Bartosz Luczak/Shutterstock

Chefs Carla and Christine Pallotta invoke their Italian roots with this recipe for fig and nut torrone. The traditional wintertime treat features toasted nuts and dried figs, suspended in a chewy, honey-touched nougat. Edible rice paper, also called wafer paper, is key to form the candy, which can be made a week ahead of time for tasty gifting.

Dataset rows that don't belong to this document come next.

lemma powr_in_Ap_tilde_iff:
  assumes "lam \<ge> -1/2" "p > 1"
  shows "(\<lambda>t. t powr \<alpha>) \<in> Ap_tilde p lam \<longleftrightarrow> -1 < \<alpha> \<and> \<alpha> < p - 1 + (2 * lam + 1) * p"
proof -
  have "p - 1 \<noteq> 0" using assms by simp
  then have dual_exponent:
    "(2 * lam + 1) * conj_exp p - \<alpha> / (p - 1) = ((2 * lam + 1) * p - \<alpha>) / (p - 1)"
    by (simp add: conj_exp_def diff_divide_distrib)
  have balanced:
    "\<alpha> - (2 * lam + 1) + ((2 * lam + 1) * conj_exp p - \<alpha> / (p - 1) - (2 * lam + 1)) * (p - 1) = 0"
    unfolding dual_exponent using \<open>p - 1 \<noteq> 0\<close> by (simp add: field_simps)
  have "(\<lambda>t. t powr \<alpha>) \<in> borel_measurable lborel" by measurable
  then have "(\<lambda>t. t powr \<alpha>) \<in> Ap_tilde p lam \<longleftrightarrow>
      powr_Ap_condition p (2 * lam + 1) \<alpha> ((2 * lam + 1) * conj_exp p - \<alpha> / (p - 1))"
    unfolding Ap_tilde_def powr_Ap_condition_def nu_meas_def
    \<comment> \<open>the strict bound in the definition of Ap_tilde is immaterial: pass from C to C + 1\<close>
    by (simp add: int_on_powr_mult_neg_pow) (meson dual_order.strict_implies_order gt_ex order.strict_trans1)
  also have "\<dots> \<longleftrightarrow> \<alpha> > -1 \<and> (2 * lam + 1) * conj_exp p - \<alpha> / (p - 1) > -1"
    using assms balanced by (intro powr_Ap_condition_iff) auto
  also have "\<dots> \<longleftrightarrow> -1 < \<alpha> \<and> \<alpha> < p - 1 + (2 * lam + 1) * p"
    unfolding dual_exponent using assms by (auto simp: field_simps)
  finally show ?thesis .
qed

theorem proposition1p1:
  fixes lam p alpha :: real
  assumes "lam > 0" and "1 < p"
  shows "((\<lambda>t. t powr alpha) \<in> Ap_mu lam p \<longleftrightarrow>
            -1 - 2 * lam < alpha \<and> alpha < p - 1 + 2 * lam * (p - 1))
       \<and> ((\<lambda>t. t powr alpha) \<in> Ap_tilde p lam \<longleftrightarrow>
            -1 < alpha \<and> alpha < p - 1 + (2 * lam + 1) * p)"
  using assms by (simp add: powr_in_Ap_mu_iff powr_in_Ap_tilde_iff)

end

See the 12 Days of Cookies here.


  • 1 cup pistachios, unsalted
  • 1 cup pine nuts 
  • 2 2/3 cups sugar
  • 1 cup honey
  • 4 tablespoons water
  • 2 large egg whites, room temperature
  • Pinch of kosher salt
  • 1 1/2 cups dried figs, chopped
  •  2 - 8x11'' sheets of edible rice (or wafer) paper, trimmed to 8x8''


  1. Lightly spray " 8x8' sheet pan with non-stick vegetable oil spray and line with parchment paper.
  2. In a large frying pan spread out the pistachios and pine nuts and toast on medium heat, stirring to make sure they don’t burn, until slightly brown.
  3. In a small, deep, heavy-bottomed saucepan, mix together the sugar, honey and water. Stir over medium heat until the sugar dissolves. Using a candy thermometer, boil the mix until it reaches 252°F, about 3 minutes. (Be careful that the sugar mixture doesn’t overflow. Lower the heat, or pull off heat, when necessary until the mixture drops down again.)
  4. Meanwhile, beat egg whites and salt with a hand mixer until soft peaks form.
  5. Slowly add the hot syrup into the egg whites, a little at a time. Beat until the meringue is thick and has tripled in volume, and cooled down slightly. With a wooden spoon, add the toasted nuts and the figs to the meringue. Mix together all ingredients until fully incorporated.
  6. Place one 8x8" sheet of rice paper in the parchment-lined pan. Spread the torrone mixture in the pan in an even layer. Top with a sheet of rice paper and spread evenly with your hand. Let stand at room temperature for 3 hours.
  7. Using the parchment paper, lift the torrone out of the pan to a cutting board. Trim any excess rice paper from the candy. Run a large sharp knife under hot tap water and wipe dry, then cut the torrone into 2-inch wide rectangles. Repeat, running the knife under hot water and drying, if necessary. Store the torrone pieces in an airtight container at room temperature.